Greetiings from Rotorhead. Flew Seakings for 20 years. Building a giant O guage pike. 12 main lines. I bought 2 MRC transformers recently on eBay that needed repair. The Throttlepack 027 had a fuse spliced into the inbound power cord. I removed the fuse and spliced the wires directly. Puts out the required AC voltage now as measured with a meter. But I want to test on the rails. Problem is that neither terminal is labeled 'common'. How do I determine which is 'common'?


----------



## gunrunnerjohn (Nov 10, 2010)

Welcome to the forums. 

Would a manual for the MRC Throttle Pack 027 help? 

Normally, the U terminal is common on Lionel transformers, but there are exceptions. Also, some Lionel transformers actually do that backwards and U is the high side.

Are you saying the fuse was in the 110 volt line? If so, the only issue you may have is phasing the two transformers so they are in phase. This is important if you plan on having power districts and the two outputs could ever be bridged by a lighted passenger car or locomotive.

Here's en excerpt from the manual that shows the track connections.


----------



## AG216 (Sep 28, 2011)

the MRC are good, but make the motor humming a little ....something that for me is annoying. I used a MRC 027 and those brakes and momentum features was quite awesome.
Andre.


----------



## rotorhead (Sep 7, 2012)

Thank you for your responses. But the transformer in question is a Throttlepack 027. I searched the MRC website and there is no manual/instructions published for this animal. It has only 2 terminals and neither is marked in any way. My concern is whacking the proto board on the MTH units. If I test the whistle with a Lionel 671 steam turbine, will that comfirm the common terminal?


----------



## gunrunnerjohn (Nov 10, 2010)

I see the difference, I don't have either. The names are very close, just not the same. 
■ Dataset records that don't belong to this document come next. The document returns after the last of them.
(* Let $\kappa$ be an uncountable regular cardinal, let $\mathcal{I}$ be a $\kappa$-complete proper ideal on $\kappa$ containing every bounded subset of $\kappa$, and let $\nu\in\{2,\kappa\}$. For every function $\Phi\colon{}^{\kappa}\nu\to{}^{\kappa}\nu$ that is continuous with respect to $\tau_{\mathcal{I}}$ on both sides, there is a continuous $\varphi\colon\mathrm{Fn}_{\mathcal{I}}({}^{\kappa}\nu)\to\mathrm{Fn}_{\mathcal{I}}({}^{\kappa}\nu)$ with $\varphi^*=\Phi$.
   Context: ${}^{\kappa}\nu$ is the set of functions $\kappa\to\nu$, $\mathrm{Fn}_{\mathcal{I}}({}^{\kappa}\nu)$ the set of functions $f\colon D\to\nu$ with $D\in\mathcal{I}$, $\mathbf{N}_f=\{x:f\subseteq x\}$, and $\tau_{\mathcal{I}}$ the topology on ${}^{\kappa}\nu$ generated by the sets $\mathbf{N}_f$. A map $\varphi\colon\mathrm{Fn}_{\mathcal{I}}\to\mathrm{Fn}_{\mathcal{I}}$ is monotone if $f\subseteq g$ implies $\varphi(f)\subseteq\varphi(g)$; it is continuous if it is monotone and for all $x\in{}^{\kappa}\nu$ and $D\in\mathcal{I}$ there is $E\in\mathcal{I}$ with $D\subseteq\mathrm{dom}(\varphi(x\restriction E))$. For continuous $\varphi$, $\varphi^*(x)$ is the limit $\lim_{D\in\mathcal{I}}\varphi(x\restriction D)$ over the directed set $(\mathcal{I},\subseteq)$, i.e. the unique $z\in{}^{\kappa}\nu$ such that for every $D\in\mathcal{I}$ there is $E\in\mathcal{I}$ with $z\restriction D=\varphi(x\restriction E')\restriction D$ for all $E'\in\mathcal{I}$ with $E\subseteq E'$. *)

theory Defs
  imports "HOL-Analysis.Analysis"
begin

unbundle cardinal_syntax

text \<open>kappa is represented by a type 'k carrying a cardinal well-order r on UNIV.
  Total functions kappa -> nu are functions 'k \<Rightarrow> 'v; partial functions are maps 'k \<rightharpoonup> 'v.\<close>

definition kappa_complete_ideal :: "('k \<times> 'k) set \<Rightarrow> 'k set set \<Rightarrow> bool" where
  "kappa_complete_ideal r I \<longleftrightarrow>
     {} \<in> I \<and>
     (\<forall>A B. A \<in> I \<and> B \<subseteq> A \<longrightarrow> B \<in> I) \<and>
     (\<forall>\<A>. \<A> \<subseteq> I \<and> |\<A>| <o r \<longrightarrow> \<Union>\<A> \<in> I)"

definition proper_ideal :: "'k set set \<Rightarrow> bool" where
  "proper_ideal I \<longleftrightarrow> UNIV \<notin> I"

definition bounded_in :: "('k \<times> 'k) set \<Rightarrow> 'k set \<Rightarrow> bool" where
  "bounded_in r A \<longleftrightarrow> (\<exists>b. \<forall>a\<in>A. (a, b) \<in> r)"

definition Fn :: "'k set set \<Rightarrow> ('k \<rightharpoonup> 'v) set" where
  "Fn I = {f. dom f \<in> I}"

definition Nbhd :: "('k \<rightharpoonup> 'v) \<Rightarrow> ('k \<Rightarrow> 'v) set" where
  "Nbhd f = {x. \<forall>d\<in>dom f. f d = Some (x d)}"

definition tau :: "'k set set \<Rightarrow> ('k \<Rightarrow> 'v) topology" where
  "tau I = topology_generated_by (Nbhd ` Fn I)"

definition restr :: "('k \<Rightarrow> 'v) \<Rightarrow> 'k set \<Rightarrow> ('k \<rightharpoonup> 'v)" where
  "restr x E = (Some \<circ> x) |` E"

definition monotone_Fn :: "'k set set \<Rightarrow> (('k \<rightharpoonup> 'v) \<Rightarrow> ('k \<rightharpoonup> 'v)) \<Rightarrow> bool" where
  "monotone_Fn I \<phi> \<longleftrightarrow> (\<forall>f\<in>Fn I. \<forall>g\<in>Fn I. f \<subseteq>\<^sub>m g \<longrightarrow> \<phi> f \<subseteq>\<^sub>m \<phi> g)"

definition continuous_Fn :: "'k set set \<Rightarrow> (('k \<rightharpoonup> 'v) \<Rightarrow> ('k \<rightharpoonup> 'v)) \<Rightarrow> bool" where
  "continuous_Fn I \<phi> \<longleftrightarrow>
     (\<forall>f\<in>Fn I. \<phi> f \<in> Fn I) \<and> monotone_Fn I \<phi> \<and>
     (\<forall>x. \<forall>D\<in>I. \<exists>E\<in>I. D \<subseteq> dom (\<phi> (restr x E)))"

text \<open>z is the limit of phi(x|D) over the directed set (I, subseteq).\<close>
definition is_lim :: "'k set set \<Rightarrow> (('k \<rightharpoonup> 'v) \<Rightarrow> ('k \<rightharpoonup> 'v)) \<Rightarrow> ('k \<Rightarrow> 'v) \<Rightarrow> ('k \<Rightarrow> 'v) \<Rightarrow> bool" where
  "is_lim I \<phi> x z \<longleftrightarrow>
     (\<forall>D\<in>I. \<exists>E\<in>I. \<forall>E'\<in>I. E \<subseteq> E' \<longrightarrow> restr z D = \<phi> (restr x E') |` D)"

definition star :: "'k set set \<Rightarrow> (('k \<rightharpoonup> 'v) \<Rightarrow> ('k \<rightharpoonup> 'v)) \<Rightarrow> ('k \<Rightarrow> 'v) \<Rightarrow> ('k \<Rightarrow> 'v)" where
  "star I \<phi> x = (THE z. is_lim I \<phi> x z)"

end

theory Submission
  imports Defs
begin

unbundle cardinal_syntax

text \<open>Let \<open>\<phi>(f)\<close> keep exactly those values \<open>\<Phi>(y)(d)\<close>, \<open>d \<in> dom f\<close>, that are the same for
  all \<open>y \<supseteq> f\<close>. This is monotone, and continuity of \<open>\<Phi>\<close> at \<open>x\<close> says that for every \<open>D \<in> \<I>\<close>
  some \<open>E \<in> \<I>\<close> already determines \<open>\<Phi>(x)\<restriction>D\<close>, i.e. \<open>\<Phi>(x)\<restriction>D \<subseteq> \<phi>(x\<restriction>E')\<close> for all
  \<open>E' \<supseteq> E\<close>. So \<open>\<Phi>(x)\<close> is a limit of \<open>\<phi>(x\<restriction>E)\<close>, and it is the only one because \<open>\<I>\<close> is
  directed and contains all singletons.\<close>

lemma kappa_complete_idealD_empty: "kappa_complete_ideal r I \<Longrightarrow> {} \<in> I"
  unfolding kappa_complete_ideal_def by blast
Since there is only two terminals, there is no danger of connecting them wrong. The worst thing that can happen is the horn and bell will be reversed. Typically, the red will go to the center rail and the black to the outside rails.

Yes, testing the conventional 671 will allow you to get the polarity correct, but there's no danger in connecting it backwards as far as damage is converned.


----------



## drinxbydapool (Oct 31, 2021)

i have a question about the mrc 027, is it pure ac?


----------



## Jetguy (Mar 22, 2019)

drinxbydapool said:


> i have a question about the mrc 027, is it pure ac?


Just to make sure, we are talking about this model right? AH104

















I'm have one of these in for repair and NO, this is NOT pure AC output.
This is an electronically controlled transformer and thus has a chopped wave output.


----------